Zoom Room was immediately different from anything I had seen in the space.

What I Recognized

In franchising, I evaluate concepts the same way every time. I look at four things: positioning, single unit economics, repeatable systems, and leadership. A concept needs all four to scale sustainably. Zoom Room had all four — and one thing more that is even more important: no direct national competitor.

When I find a category with strong consumer demand, a proven unit-level model, and no scaled competition, I pay very close attention. When the founder also happens to be the #1 bestselling author in the field — someone who understands both the product and how to systematize it through non-expert staff — I wanted to get involved.

Why the Model Works

My background is in scaling franchise systems, so I look at every concept through an operational lens. The question is always the same: can this produce consistent results across hundreds of locations run by independent operators with varying levels of experience?

Zoom Room's model is built for that test. The curriculum is standardized. The class format is structured. New trainers are classroom-ready in weeks, not months, because the system does the heavy lifting — the trainer needs to be warm and organized, not an expert behaviorist. The owner is in the room doing the actual learning, which means the outcome does not depend entirely on the trainer's individual skill. That is a crucial architectural decision, and it is one of the main reasons the model scales.

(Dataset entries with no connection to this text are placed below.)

(* Let $T>0$, $x\in\mathbb{R}$, let $(X^x_t)_{0\le t\le T}$ solve $X^x_t=x+\int_0^t\alpha(X^x_s)\,ds+W_t$ with $W$ a standard Brownian motion, and assume the setting described in the context (in particular the representation of $\mathbb{E}\Psi(X^x_T)$ given there). Let $K>0$ and let $X^{x,K}_T$ denote the output of the truncated rejection procedure at level $K$ described in the context. Let $\Psi$ be a measurable function with $\mathbb{E}[\Psi^2(\tilde B^x_T)]<\infty$. Then: (a) $$\left|\mathbb{E}\Psi(X^x_T)-\mathbb{E}\Psi(X^{x,K}_T)\right|\le \sqrt{\mathbb{E}\left[\Psi^2(\tilde B^x_T)\right]}\left(\frac{\mathbb{P}\left(\sup_{0\le\theta\le T}\varphi(\tilde B^x_\theta)>K\right)}{p_K\sqrt{p_\infty}}+\frac{\sqrt{\mathbb{P}\left(\sup_{0\le\theta\le T}\varphi(\tilde B^x_\theta)>K\right)}}{p_K}\right),$$ where $$p_K=\mathbb{E}\left[\exp\left(-\int_0^T K\wedge\varphi(\tilde B^x_\theta)\,d\theta\right)\right],\qquad p_\infty=\mathbb{E}\left[\exp\left(-\int_0^T\varphi(\tilde B^x_\theta)\,d\theta\right)\right].$$ (b) If moreover $\Psi$ is bounded, then $$\left|\mathbb{E}\Psi(X^x_T)-\mathbb{E}\Psi(X^{x,K}_T)\right|\le \frac{2\|\Psi\|_\infty}{p_K}\,\mathbb{P}\left(\sup_{0\le\theta\le T}\varphi(\tilde B^x_\theta)>K\right).$$
   Context: $\alpha:\mathbb{R}\to\mathbb{R}$ is $C^1$, $A(y)=\int_0^y\alpha(z)\,dz$, and $\varphi(y)=\frac{\alpha^2(y)+\alpha'(y)}{2}$ is assumed nonnegative (it may be unbounded). The function $\theta\mapsto\exp\left(-\frac{(\theta-x)^2}{2T}+A(\theta)\right)$ is integrable and $(\tilde B^x_t)_{0\le t\le T}$ is a Brownian bridge from $\tilde B^x_0=x$ whose terminal value has law $\mathbb{P}(\tilde B^x_T\in d\theta)=C\exp\left(-\frac{(\theta-x)^2}{2T}+A(\theta)\right)d\theta$ ($C$ a normalising constant). Standing assumption (exact-simulation representation): for every measurable $\Psi$ with the relevant expectations finite, $$\mathbb{E}\Psi(X^x_T)=\frac{\mathbb{E}\left[\Psi(\tilde B^x_T)\exp\left(-\int_0^T\varphi(\tilde B^x_\theta)d\theta\right)\right]}{\mathbb{E}\left[\exp\left(-\int_0^T\varphi(\tilde B^x_\theta)d\theta\right)\right]}.$$ Truncated procedure at level $K$: let $N^K$ be a unit-intensity Poisson point process on $[0,T]\times[0,K]$ independent of $\tilde B^x$, and let $D=\{(t,y)\in[0,T]\times\mathbb{R}_+: y\le\varphi(\tilde B^x_t)\}$. A path of $\tilde B^x$ is accepted iff no point of $N^K$ lies in $D$, and $X^{x,K}_T$ is $\tilde B^x_T$ conditioned on acceptance, i.e. $\mathbb{E}\Psi(X^{x,K}_T)=\mathbb{E}[\Psi(\tilde B^x_T)\mathbf{1}_{N^K\cap D=\emptyset}]/\mathbb{P}(N^K\cap D=\emptyset)$. Thus $p_K$ is the acceptance probability of this truncated procedure and $p_\infty$ that of the untruncated one. *)

theory Defs
  imports "HOL-Probability.Probability"
begin

definition brownian_motion :: "'a measure \<Rightarrow> real \<Rightarrow> (real \<Rightarrow> 'a \<Rightarrow> real) \<Rightarrow> bool" where
  "brownian_motion M T W \<longleftrightarrow>
     prob_space M \<and>
     (\<forall>t\<in>{0..T}. W t \<in> borel_measurable M) \<and>
     (\<forall>\<omega>\<in>space M. W 0 \<omega> = 0 \<and> continuous_on {0..T} (\<lambda>t. W t \<omega>)) \<and>
     (\<forall>s t. 0 \<le> s \<and> s < t \<and> t \<le> T \<longrightarrow>
        distributed M lborel (\<lambda>\<omega>. W t \<omega> - W s \<omega>) (\<lambda>z. ennreal (normal_density 0 (sqrt (t - s)) z))) \<and>
     (\<forall>ts. sorted_wrt (<) ts \<and> set ts \<subseteq> {0..T} \<longrightarrow>
        prob_space.indep_vars M (\<lambda>_. borel) (\<lambda>i \<omega>. W (ts ! Suc i) \<omega> - W (ts ! i) \<omega>) {..<length ts - 1})"

definition poisson_point_process :: "'a measure \<Rightarrow> (real \<times> real) set \<Rightarrow> ('a \<Rightarrow> (real \<times> real) set) \<Rightarrow> bool" where
  "poisson_point_process M R N \<longleftrightarrow>
     (\<forall>\<omega>\<in>space M. finite (N \<omega>) \<and> N \<omega> \<subseteq> R) \<and>
     (\<forall>S. S \<in> sets lborel \<and> S \<subseteq> R \<longrightarrow>
        (\<lambda>\<omega>. card (N \<omega> \<inter> S)) \<in> measurable M (count_space UNIV) \<and>
        (\<forall>n. measure M {\<omega>\<in>space M. card (N \<omega> \<inter> S) = n}
               = measure lborel S ^ n / fact n * exp (- measure lborel S))) \<and>
     (\<forall>Ss. (\<forall>S\<in>set Ss. S \<in> sets lborel \<and> S \<subseteq> R) \<and> disjoint_family_on (\<lambda>i. Ss ! i) {..<length Ss} \<longrightarrow>
        prob_space.indep_vars M (\<lambda>_. count_space UNIV) (\<lambda>i \<omega>. card (N \<omega> \<inter> Ss ! i)) {..<length Ss})"

definition rv_events :: "'a measure \<Rightarrow> 'b measure \<Rightarrow> ('a \<Rightarrow> 'b) \<Rightarrow> 'a set set" where
  "rv_events M Mx X = {X -` E \<inter> space M | E. E \<in> sets Mx}"

definition A_fun :: "(real \<Rightarrow> real) \<Rightarrow> real \<Rightarrow> real" where
  "A_fun \<alpha> y = (LBINT z=0..y. \<alpha> z)"

definition phi_fun :: "(real \<Rightarrow> real) \<Rightarrow> (real \<Rightarrow> real) \<Rightarrow> real \<Rightarrow> real" where
  "phi_fun \<alpha> \<alpha>' y = ((\<alpha> y)\<^sup>2 + \<alpha>' y) / 2"

text \<open>Unnormalised density of the terminal value of the bridge.\<close>
definition end_dens :: "(real \<Rightarrow> real) \<Rightarrow> real \<Rightarrow> real \<Rightarrow> real \<Rightarrow> real" where
  "end_dens \<alpha> x T \<theta> = exp (- (\<theta> - x)\<^sup>2 / (2 * T) + A_fun \<alpha> \<theta>)"

text \<open>Brownian bridge from x (at time 0) to Theta (at time T), built from a Brownian motion W
  independent of Theta.\<close>
definition bridge :: "real \<Rightarrow> real \<Rightarrow> (real \<Rightarrow> 'a \<Rightarrow> real) \<Rightarrow> ('a \<Rightarrow> real) \<Rightarrow> real \<Rightarrow> 'a \<Rightarrow> real" where
  "bridge x T W \<Theta> t \<omega> = x + t / T * (\<Theta> \<omega> - x) + W t \<omega> - t / T * W T \<omega>"

definition accept_event :: "'a measure \<Rightarrow> (real \<Rightarrow> real) \<Rightarrow> (real \<Rightarrow> 'a \<Rightarrow> real) \<Rightarrow> real
     \<Rightarrow> ('a \<Rightarrow> (real \<times> real) set) \<Rightarrow> 'a set" where
  "accept_event M \<phi> B T N =
     {\<omega>\<in>space M. N \<omega> \<inter> {(t, y). 0 \<le> t \<and> t \<le> T \<and> 0 \<le> y \<and> y \<le> \<phi> (B t \<omega>)} = {}}"

text \<open>E Psi(X^{x,K}_T): Psi(B_T) conditioned on acceptance.\<close>
definition truncated_expectation :: "'a measure \<Rightarrow> (real \<Rightarrow> real) \<Rightarrow> (real \<Rightarrow> 'a \<Rightarrow> real) \<Rightarrow> real
     \<Rightarrow> ('a \<Rightarrow> (real \<times> real) set) \<Rightarrow> (real \<Rightarrow> real) \<Rightarrow> real" where
  "truncated_expectation M \<phi> B T N \<Psi> =
     (\<integral>\<omega>. \<Psi> (B T \<omega>) * indicator (accept_event M \<phi> B T N) \<omega> \<partial>M) / measure M (accept_event M \<phi> B T N)"

end

theory Submission
  imports Defs
begin

text \<open>Write \<open>w = exp (- \<integral>\<^sub>0\<^sup>T \<phi>(B\<^sub>\<theta>) d\<theta>)\<close> and \<open>w\<^sub>K = exp (- \<integral>\<^sub>0\<^sup>T K \<sqinter> \<phi>(B\<^sub>\<theta>) d\<theta>)\<close>.
  A path is accepted iff the Poisson points in \<open>[0,T] \<times> [0,K]\<close> avoid the hypograph of
  \<open>K \<sqinter> \<phi>(B)\<close>, whose area is \<open>\<integral>\<^sub>0\<^sup>T K \<sqinter> \<phi>(B\<^sub>\<theta>) d\<theta>\<close>; as the point process is independent of
  the bridge, a path is accepted with conditional probability \<open>w\<^sub>K\<close>, so that
  \<open>E \<Psi>(X\<^sup>K) = E[\<Psi>(B\<^sub>T) w\<^sub>K] / E w\<^sub>K\<close>, while the representation gives
  \<open>E \<Psi>(X) = E[\<Psi>(B\<^sub>T) w] / E w\<close>. Now \<open>0 < w \<le> w\<^sub>K \<le> 1\<close> and the two weights agree outside
  the event \<open>{sup \<phi>(B) > K}\<close>, so Cauchy-Schwarz (or the bound on \<open>\<Psi>\<close>) controls the
  difference of the two weighted means.

  To condition on the random hypograph, it is approximated from above by dyadic staircases,
  which take only finitely many values and are measurable functions of the path.\<close>

lemma Rats_near_in_interval:
  fixes a b t d :: real
  assumes "a < b" "t \<in> {a..b}" "0 < d"
  obtains q where "q \<in> \<rat>" "q \<in> {a..b}" "\<bar>q - t\<bar> < d"
proof (cases "t < b")
  case True
  obtain q where "q \<in> \<rat>" "t < q" "q < min b (t + d)"
    using Rats_dense_in_real[of t "min b (t + d)"] True assms by auto
  then show ?thesis using assms that by auto
next
  case False
  obtain q where "q \<in> \<rat>" "max a (t - d) < q" "q < t"
    using Rats_dense_in_real[of "max a (t - d)" t] False assms by auto
  then show ?thesis using assms that by auto
qed

lemma finite_disjoint_from_decseq:
  assumes "decseq R" "finite A" "A \<inter> (\<Inter>m. R m) = {}"
  shows "\<exists>m. A \<inter> R m = {}"
  using assms(2,3)
proof (induction A rule: finite_induct)
  case (insert p A)
  then obtain m\<^sub>1 m\<^sub>2 where "A \<inter> R m\<^sub>1 = {}" "p \<notin> R m\<^sub>2"
    by auto
  then have "insert p A \<inter> R (max m\<^sub>1 m\<^sub>2) = {}"
    using decseqD[OF assms(1), of m\<^sub>1 "max m\<^sub>1 m\<^sub>2"] decseqD[OF assms(1), of m\<^sub>2 "max m\<^sub>1 m\<^sub>2"]
    by auto
  then show ?case ..
qed simp

lemma eventually_const_div_pow2_less:
  "0 < c \<Longrightarrow> eventually (\<lambda>m. C / 2 ^ m < (c :: real)) sequentially"
  using order_tendstoD(2)[OF tendsto_mult_right_zero[OF LIMSEQ_realpow_zero[of "1/2"]], of c C]
  by (simp add: power_divide)

lemma integral_abs_mult_le_sqrt:
  fixes u v :: "'a \<Rightarrow> real"
  assumes [measurable]: "u \<in> borel_measurable M" "v \<in> borel_measurable M"
    and u2: "integrable M (\<lambda>x. (u x)\<^sup>2)" and v2: "integrable M (\<lambda>x. (v x)\<^sup>2)"
  shows "(\<integral>x. \<bar>u x * v x\<bar> \<partial>M) \<le> sqrt (\<integral>x. (u x)\<^sup>2 \<partial>M) * sqrt (\<integral>x. (v x)\<^sup>2 \<partial>M)"
proof (cases "integrable M (\<lambda>x. \<bar>u x * v x\<bar>)")
  case True
  have nn_sq: "(\<integral>\<^sup>+x. ennreal \<bar>w x\<bar> ^ 2 \<partial>M) = ennreal (\<integral>x. (w x)\<^sup>2 \<partial>M)"
    if "integrable M (\<lambda>x. (w x)\<^sup>2)" for w :: "'a \<Rightarrow> real"
  proof -
    have "(\<integral>\<^sup>+x. ennreal \<bar>w x\<bar> ^ 2 \<partial>M) = (\<integral>\<^sup>+x. ennreal ((w x)\<^sup>2) \<partial>M)"
      by (simp add: ennreal_power)
    also have "\<dots> = ennreal (\<integral>x. (w x)\<^sup>2 \<partial>M)"
      using that by (intro nn_integral_eq_integral) auto
    finally show ?thesis .
  qed
  have "ennreal (\<integral>x. \<bar>u x * v x\<bar> \<partial>M) = (\<integral>\<^sup>+x. ennreal \<bar>u x\<bar> * ennreal \<bar>v x\<bar> \<partial>M)"
  proof -
    have "ennreal (\<integral>x. \<bar>u x * v x\<bar> \<partial>M) = (\<integral>\<^sup>+x. ennreal \<bar>u x * v x\<bar> \<partial>M)"
      using True by (intro nn_integral_eq_integral[symmetric]) auto
    then show ?thesis by (simp add: abs_mult ennreal_mult)
  qed
  then have "ennreal ((\<integral>x. \<bar>u x * v x\<bar> \<partial>M)\<^sup>2) = (\<integral>\<^sup>+x. ennreal \<bar>u x\<bar> * ennreal \<bar>v x\<bar> \<partial>M)\<^sup>2"
    by (simp add: ennreal_power[symmetric])
  also have "\<dots> \<le> (\<integral>\<^sup>+x. ennreal \<bar>u x\<bar> ^ 2 \<partial>M) * (\<integral>\<^sup>+x. ennreal \<bar>v x\<bar> ^ 2 \<partial>M)"
    by (rule Cauchy_Schwarz_nn_integral) measurable
  also have "\<dots> = ennreal ((\<integral>x. (u x)\<^sup>2 \<partial>M) * (\<integral>x. (v x)\<^sup>2 \<partial>M))"
    using u2 v2 by (simp add: nn_sq ennreal_mult)
  finally have "(\<integral>x. \<bar>u x * v x\<bar> \<partial>M)\<^sup>2 \<le> (\<integral>x. (u x)\<^sup>2 \<partial>M) * (\<integral>x. (v x)\<^sup>2 \<partial>M)"
    by (rule ennreal_le_iff[THEN iffD1, rotated]) simp
  then show ?thesis
    by (metis real_le_rsqrt real_sqrt_mult)
qed (simp add: not_integrable_integral_eq)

I have seen a lot of franchise models claim to be "sticky." Zoom Room is one of the very few where the data actually supports it.

Growing a Love Brand

I have spent my career building and growing what I call "love brands" — franchise concepts that create genuine emotional connections with their customers, their teams, and their franchisees. That emotional connection is not a soft metric. It is the single most reliable predictor of long-term franchise performance. When customers love a brand, they stay longer, spend more, refer more, and forgive more. When franchisees love a brand, they execute the playbook, reinvest in growth, and become the brand's strongest advocates. Loyalty follows love, and growth follows loyalty.

Zoom Room is a love brand in the truest sense.

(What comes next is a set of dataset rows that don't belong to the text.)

(* Fix a start node $s\in V$ and let $\ell_a,\ell_b$ be two labels with start node $s$ whose node sets do not contain $s$ (i.e. not fully extended), such that $v(\ell_a)=v(\ell_b)$ and $$\bar c(\ell_a)\le \bar c(\ell_b),\qquad t(\ell_a)\le t(\ell_b),\qquad \mathscr N(\ell_a)\subseteq \mathscr N(\ell_b).$$ Then $\ell_a$ dominates $\ell_b$ in the following sense: for every finite sequence of nodes $j_1,\dots,j_m$ with $j_m=s$ such that successively extending $\ell_b$ by $j_1,\dots,j_m$ is a valid sequence of extensions producing a fully-extended label $\ell_b^*$ with $t(\ell_b^* )\le q(\ell_b^* )$ (a length-feasible cycle), successively extending $\ell_a$ by $j_1,\dots,j_m$ is also a valid sequence of extensions, and the resulting fully-extended label $\ell_a^*$ satisfies $t(\ell_a^* )\le q(\ell_a^* )$ and $\bar c(\ell_a^* )\le \bar c(\ell_b^* )$.
   Context: $G=(V,E)$ is an undirected graph with a critical time $q_i>0$ for each node $i\in V$, a travel time $t_{i,j}=t_{j,i}\ge 0$ for each edge $\{i,j\}\in E$, and a weight $\pi_i\in\mathbb R$ for each node (no sign restriction). Fix a start node $s\in V$. A label represents a path $P=(i_0,i_1,\dots,i_K)$ in $G$ with $i_0=s$ and is the tuple $\ell=(\mathscr N,v,\bar c,t,q)$ with $\mathscr N(\ell)=\{i_1,\dots,i_K\}$, $v(\ell)=i_K$, $\bar c(\ell)=1-\sum_{i\in\mathscr N(\ell)}\pi_i$, $t(\ell)=\sum_{k=1}^K t_{i_{k-1},i_k}$, $q(\ell)=\min_{k=0,\dots,K} q_{i_k}$. The initial label is $\ell_s=(\emptyset,s,1,0,q_s)$. A label $\ell$ may be extended by a node $j\in V\setminus\mathscr N(\ell)$ with $\{v(\ell),j\}\in E$, giving the label $\ell^+$ with $\mathscr N(\ell^+)=\mathscr N(\ell)\cup\{j\}$, $v(\ell^+)=j$, $\bar c(\ell^+)=\bar c(\ell)-\pi_j$, $t(\ell^+)=t(\ell)+t_{v(\ell),j}$, $q(\ell^+)=\min\{q(\ell),q_j\}$. A label $\ell\neq\ell_s$ is fully extended if $v(\ell)=s$; it then represents a cycle, whose reduced cost is $\bar c(\ell)$ and which is length-feasible iff $t(\ell)\le q(\ell)$. *)

theory Defs
  imports Complex_Main
begin

text \<open>Labels (N, v, cbar, t, q) of the labeling algorithm.\<close>
record 'a label =
  lnodes :: "'a set"
  lvert  :: 'a
  lcost  :: real
  ltime  :: real
  lcrit  :: real

fun is_walk :: "'a set \<Rightarrow> 'a set set \<Rightarrow> 'a list \<Rightarrow> bool" where
  "is_walk V E [] = False"
| "is_walk V E [i] = (i \<in> V)"
| "is_walk V E (i # j # is) = (i \<in> V \<and> {i, j} \<in> E \<and> is_walk V E (j # is))"

fun path_time :: "('a \<Rightarrow> 'a \<Rightarrow> real) \<Rightarrow> 'a list \<Rightarrow> real" where
  "path_time tt [] = 0"
| "path_time tt [i] = 0"
| "path_time tt (i # j # is) = tt i j + path_time tt (j # is)"

text \<open>The label representing the path P = s # is (so the node set is the set of i_1..i_K).\<close>
definition label_of_path ::
  "('a \<Rightarrow> 'a \<Rightarrow> real) \<Rightarrow> ('a \<Rightarrow> real) \<Rightarrow> ('a \<Rightarrow> real) \<Rightarrow> 'a \<Rightarrow> 'a list \<Rightarrow> 'a label" where
  "label_of_path tt qc \<pi> s is =
     \<lparr> lnodes = set is,
       lvert = last (s # is),
       lcost = 1 - (\<Sum>i\<in>set is. \<pi> i),
       ltime = path_time tt (s # is),
       lcrit = Min (qc ` set (s # is)) \<rparr>"

definition can_extend :: "'a set \<Rightarrow> 'a set set \<Rightarrow> 'a label \<Rightarrow> 'a \<Rightarrow> bool" where
  "can_extend V E l j = (j \<in> V \<and> j \<notin> lnodes l \<and> {lvert l, j} \<in> E)"

definition extend ::
  "('a \<Rightarrow> 'a \<Rightarrow> real) \<Rightarrow> ('a \<Rightarrow> real) \<Rightarrow> ('a \<Rightarrow> real) \<Rightarrow> 'a label \<Rightarrow> 'a \<Rightarrow> 'a label" where
  "extend tt qc \<pi> l j =
     \<lparr> lnodes = insert j (lnodes l),
       lvert = j,
       lcost = lcost l - \<pi> j,
       ltime = ltime l + tt (lvert l) j,
       lcrit = min (lcrit l) (qc j) \<rparr>"

fun extend_seq ::
  "('a \<Rightarrow> 'a \<Rightarrow> real) \<Rightarrow> ('a \<Rightarrow> real) \<Rightarrow> ('a \<Rightarrow> real) \<Rightarrow> 'a label \<Rightarrow> 'a list \<Rightarrow> 'a label" where
  "extend_seq tt qc \<pi> l [] = l"
| "extend_seq tt qc \<pi> l (j # js) = extend_seq tt qc \<pi> (extend tt qc \<pi> l j) js"

fun valid_ext_seq ::
  "'a set \<Rightarrow> 'a set set \<Rightarrow> ('a \<Rightarrow> 'a \<Rightarrow> real) \<Rightarrow> ('a \<Rightarrow> real) \<Rightarrow> ('a \<Rightarrow> real)
   \<Rightarrow> 'a label \<Rightarrow> 'a list \<Rightarrow> bool" where
  "valid_ext_seq V E tt qc \<pi> l [] = True"
| "valid_ext_seq V E tt qc \<pi> l (j # js) =
     (can_extend V E l j \<and> valid_ext_seq V E tt qc \<pi> (extend tt qc \<pi> l j) js)"

end

theory Submission
  imports Defs
begin

text \<open>A label that is no later, no more costly, visits a subset of the nodes and has no
  smaller critical time than another label at the same vertex keeps all four properties under
  any common extension, and every extension valid for the larger label is valid for the smaller
  one because its node set is smaller. The critical-time comparison holds initially since the
  critical time of a path is a minimum over its nodes.\<close>

definition dominates :: "'a label \<Rightarrow> 'a label \<Rightarrow> bool" where
  "dominates la lb \<longleftrightarrow>
     lvert la = lvert lb \<and> lnodes la \<subseteq> lnodes lb \<and> lcost la \<le> lcost lb \<and>
     ltime la \<le> ltime lb \<and> lcrit lb \<le> lcrit la"

lemma can_extend_dominates:
  "dominates la lb \<Longrightarrow> can_extend V E lb j \<Longrightarrow> can_extend V E la j"
  by (auto simp: dominates_def can_extend_def)

lemma dominates_extend:
  "dominates la lb \<Longrightarrow> dominates (extend tt qc \<pi> la j) (extend tt qc \<pi> lb j)"
  by (auto simp: dominates_def extend_def)

lemma dominates_extend_seq:
  assumes "dominates la lb" and "valid_ext_seq V E tt qc \<pi> lb js"
  shows "valid_ext_seq V E tt qc \<pi> la js \<and>
    dominates (extend_seq tt qc \<pi> la js) (extend_seq tt qc \<pi> lb js)"
  using assms
proof (induction js arbitrary: la lb)
  case Nil
  then show ?case by simp
next
  case (Cons j js)
  then have "can_extend V E la j"
    by (auto intro: can_extend_dominates)
  moreover have "dominates (extend tt qc \<pi> la j) (extend tt qc \<pi> lb j)"
    using Cons.prems(1) by (rule dominates_extend)
  ultimately show ?case
    using Cons.IH Cons.prems(2) by simp
qed

lemma lcrit_label_of_path_antimono:
  assumes "set Pa \<subseteq> set Pb"
  shows "lcrit (label_of_path tt qc \<pi> s Pb) \<le> lcrit (label_of_path tt qc \<pi> s Pa)"
proof -
  have "Min (qc ` set (s # Pb)) \<le> Min (qc ` set (s # Pa))"
    by (rule Min_antimono) (use assms in auto)
  then show ?thesis by (simp add: label_of_path_def)
qed

theorem lemma1:
  fixes V :: "'a set" and E :: "'a set set"
    and tt :: "'a \<Rightarrow> 'a \<Rightarrow> real" and qc :: "'a \<Rightarrow> real" and \<pi> :: "'a \<Rightarrow> real"
    and s :: 'a and Pa Pb js :: "'a list"
  assumes finV: "finite V"
    and E_sub: "\<forall>e\<in>E. \<exists>i j. e = {i, j} \<and> i \<in> V \<and> j \<in> V"
    and q_pos: "\<forall>i\<in>V. qc i > 0"
    and t_sym: "\<forall>i j. {i, j} \<in> E \<longrightarrow> tt i j = tt j i"
    and t_nonneg: "\<forall>i j. {i, j} \<in> E \<longrightarrow> tt i j \<ge> 0"
    and sV: "s \<in> V"
    and walk_a: "is_walk V E (s # Pa)"
    and walk_b: "is_walk V E (s # Pb)"
    and not_full_a: "s \<notin> lnodes (label_of_path tt qc \<pi> s Pa)"
    and not_full_b: "s \<notin> lnodes (label_of_path tt qc \<pi> s Pb)"
    and same_v: "lvert (label_of_path tt qc \<pi> s Pa) = lvert (label_of_path tt qc \<pi> s Pb)"
    and cost_le: "lcost (label_of_path tt qc \<pi> s Pa) \<le> lcost (label_of_path tt qc \<pi> s Pb)"
    and time_le: "ltime (label_of_path tt qc \<pi> s Pa) \<le> ltime (label_of_path tt qc \<pi> s Pb)"
    and nodes_sub: "lnodes (label_of_path tt qc \<pi> s Pa) \<subseteq> lnodes (label_of_path tt qc \<pi> s Pb)"
    and js_ne: "js \<noteq> []"
    and js_last: "last js = s"
    and valid_b: "valid_ext_seq V E tt qc \<pi> (label_of_path tt qc \<pi> s Pb) js"
    and feas_b: "ltime (extend_seq tt qc \<pi> (label_of_path tt qc \<pi> s Pb) js)
                 \<le> lcrit (extend_seq tt qc \<pi> (label_of_path tt qc \<pi> s Pb) js)"
  shows "valid_ext_seq V E tt qc \<pi> (label_of_path tt qc \<pi> s Pa) js
    \<and> ltime (extend_seq tt qc \<pi> (label_of_path tt qc \<pi> s Pa) js)
        \<le> lcrit (extend_seq tt qc \<pi> (label_of_path tt qc \<pi> s Pa) js)
    \<and> lcost (extend_seq tt qc \<pi> (label_of_path tt qc \<pi> s Pa) js)
        \<le> lcost (extend_seq tt qc \<pi> (label_of_path tt qc \<pi> s Pb) js)"
proof -
  let ?A = "label_of_path tt qc \<pi> s Pa" and ?B = "label_of_path tt qc \<pi> s Pb"
  have "lcrit ?B \<le> lcrit ?A"
    using nodes_sub by (intro lcrit_label_of_path_antimono) (simp add: label_of_path_def)
  with same_v nodes_sub cost_le time_le have "dominates ?A ?B"
    by (simp add: dominates_def)
  from dominates_extend_seq[OF this valid_b] feas_b show ?thesis
    unfolding dominates_def by linarith
qed

end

Mark Van Wye understood this from the beginning. His motto — "We don't train dogs. We train the people who love them." — is not a tagline. It is an operating principle. The entire model is designed to make the owner feel successful, which makes the owner come back, which makes the business work. That chain of causation is what separates Zoom Room from every other training concept in the sector.

The Opportunity

In 30+ years of franchising, I have learned that the brands that define categories are not always the first to arrive. They are the ones that arrive with the right model at the right moment and execute with discipline. Zoom Room has the model. The moment — with pet humanization accelerating and no national training brand in place — is now. And the execution, with this team, is underway.

Franchising is not just what I do. It is who I am. And Zoom Room is the leading training franchise because the opportunity, the team, and the model are that compelling.